A CAPS Investigation uncovers consumer fraud and reveals need for ordinances
Los Angeles, CA – November 02, 2016 – The Companion Animal Protection Society’s recent investigation of nearly every Southern California pet shop has uncovered a pattern of deceptive and illegal practices. Pet shops are routinely misleading customers about the sources of the puppies and kittens they sell. Some shops are outright refusing to disclose the sources, which is a violation of California law.
Undercover With CAPS: An Investigation of Southern California Pet Shops from CAPS on Vimeo.
A short documentary CAPS is releasing today features the nonprofit organization’s undercover investigations of Southern California pet shops and some of the puppy mills supplying them. The documentary reveals the ways in which pet shop employees often assure prospective customers that none of the animals in their stores come from “puppy mills,” sometimes even claiming that their puppies and kittens are privately bred in “loving homes.”
However, as the video makes clear:
“We also investigated the Midwest breeding facilities that supply puppies and kittens to Southern California pet shops,” said CAPS President Deborah Howard. “Our investigator typically found dogs and cats living in cramped, filthy cages, usually stacked together with hundreds of other animals. They were definitely puppy and kitten mills.”

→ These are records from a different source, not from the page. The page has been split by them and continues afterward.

(* If a group $G$ has a normal subgroup $N$ that is a free group and $G/N$ is amenable, then $G$ is residually amenable.
   Context: Groups are discrete. A group is residually amenable if every non-trivial element has non-trivial image under some surjective homomorphism onto an amenable group. *)

theory Defs
  imports "HOL-Algebra.Algebra"
begin

definition amenable :: "('a, 'b) monoid_scheme \<Rightarrow> bool" where
  "amenable H \<longleftrightarrow> group H \<and>
     (\<exists>\<mu> :: 'a set \<Rightarrow> real.
        \<mu> (carrier H) = 1 \<and>
        (\<forall>A. A \<subseteq> carrier H \<longrightarrow> \<mu> A \<ge> 0) \<and>
        (\<forall>A B. A \<subseteq> carrier H \<longrightarrow> B \<subseteq> carrier H \<longrightarrow> A \<inter> B = {} \<longrightarrow>
               \<mu> (A \<union> B) = \<mu> A + \<mu> B) \<and>
        (\<forall>g A. g \<in> carrier H \<longrightarrow> A \<subseteq> carrier H \<longrightarrow> \<mu> (g <#\<^bsub>H\<^esub> A) = \<mu> A))"

definition eval_word :: "('a, 'b) monoid_scheme \<Rightarrow> (bool \<times> 'a) list \<Rightarrow> 'a" where
  "eval_word G ws = foldr (\<lambda>(b, x) acc. (if b then x else inv\<^bsub>G\<^esub> x) \<otimes>\<^bsub>G\<^esub> acc) ws \<one>\<^bsub>G\<^esub>"

definition reduced_word :: "(bool \<times> 'a) list \<Rightarrow> bool" where
  "reduced_word ws \<longleftrightarrow>
     (\<forall>i. Suc i < length ws \<longrightarrow>
        \<not> (snd (ws ! i) = snd (ws ! Suc i) \<and> fst (ws ! i) \<noteq> fst (ws ! Suc i)))"

definition free_group_on :: "('a, 'b) monoid_scheme \<Rightarrow> 'a set \<Rightarrow> bool" where
  "free_group_on G B \<longleftrightarrow> group G \<and> B \<subseteq> carrier G \<and>
     generate G B = carrier G \<and>
     (\<forall>ws. ws \<noteq> [] \<longrightarrow> set (map snd ws) \<subseteq> B \<longrightarrow> reduced_word ws \<longrightarrow>
            eval_word G ws \<noteq> \<one>\<^bsub>G\<^esub>)"

definition is_free_group :: "('a, 'b) monoid_scheme \<Rightarrow> bool" where
  "is_free_group G \<longleftrightarrow> (\<exists>B. free_group_on G B)"

text \<open>Target groups are taken
  with carrier type 'a set, which suffices since every quotient G/K has such
  a carrier.\<close>
definition residually_amenable :: "('a, 'b) monoid_scheme \<Rightarrow> bool" where
  "residually_amenable G \<longleftrightarrow>
     (\<forall>g \<in> carrier G. g \<noteq> \<one>\<^bsub>G\<^esub> \<longrightarrow>
        (\<exists>(H :: 'a set monoid) h. group H \<and> amenable H \<and> h \<in> hom G H \<and>
            h ` carrier G = carrier H \<and> h g \<noteq> \<one>\<^bsub>H\<^esub>))"

end

theory Submission
  imports Defs "HOL-Analysis.Analysis"
begin

text \<open>If \<open>g \<notin> N\<close>, the amenable quotient \<open>G/N\<close> already separates \<open>g\<close>. If \<open>g \<in> N\<close> is nontrivial,
  write it as a nonempty reduced word in a free basis of \<open>N\<close>; letting the letters act on the
  positions \<open>0, \<dots>, n\<close> of the word gives a homomorphism \<open>\<psi>\<close> from \<open>N\<close> to a finite symmetric group
  \<open>H\<close> with \<open>\<psi> g \<noteq> 1\<close>. The common kernel \<open>K\<close> of all homomorphisms \<open>N \<rightarrow> H\<close> is invariant under
  conjugation by \<open>G\<close>, hence normal in \<open>G\<close>, and misses \<open>g\<close>. An element of a finitely generated
  subgroup of \<open>N/K\<close> is determined by the values of finitely many homomorphisms to \<open>H\<close> on finitely
  many generators, so \<open>N/K\<close> is locally finite and therefore amenable. Then \<open>G/K\<close>, an extension
  of the amenable group \<open>G/N\<close> by \<open>N/K\<close>, is amenable, and it separates \<open>g\<close>.\<close>

section \<open>Words in a group\<close>

definition inverse_word :: "(bool \<times> 'a) list \<Rightarrow> (bool \<times> 'a) list" where
  "inverse_word ws = rev (map (apfst Not) ws)"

CAPS provided the California Attorney General with evidence for several pet shops that appear to be violating The Consumer Legal Remedies Act. CAPS is also working with local municipalities to pass laws banning the retail sale of dogs, cats, and rabbits. The purpose of these ordinances is to encourage pet shops to instead offer shelter and rescue animals for adoption. As a leader in the pet shop ordinance movement, CAPS was behind laws in Los Angeles, San Diego, West Hollywood, and Glendale, but many Southern California municipalities still have pet shops that sell puppies, kittens and rabbits.
CAPS was the first animal organization to protest inside a shopping mall, a protected activity under the California Constitution. The first such protest was in Los Angeles at Westside Pavilion; it was a protest against Barkworks, a chain of seven stores (now four). The CAPS protests at Westside Pavilion had as many as 130 participants, including one protest with 60 inner city high school students. CAPS was also responsible for converting four pet shops into humane adoption centers in just eight months.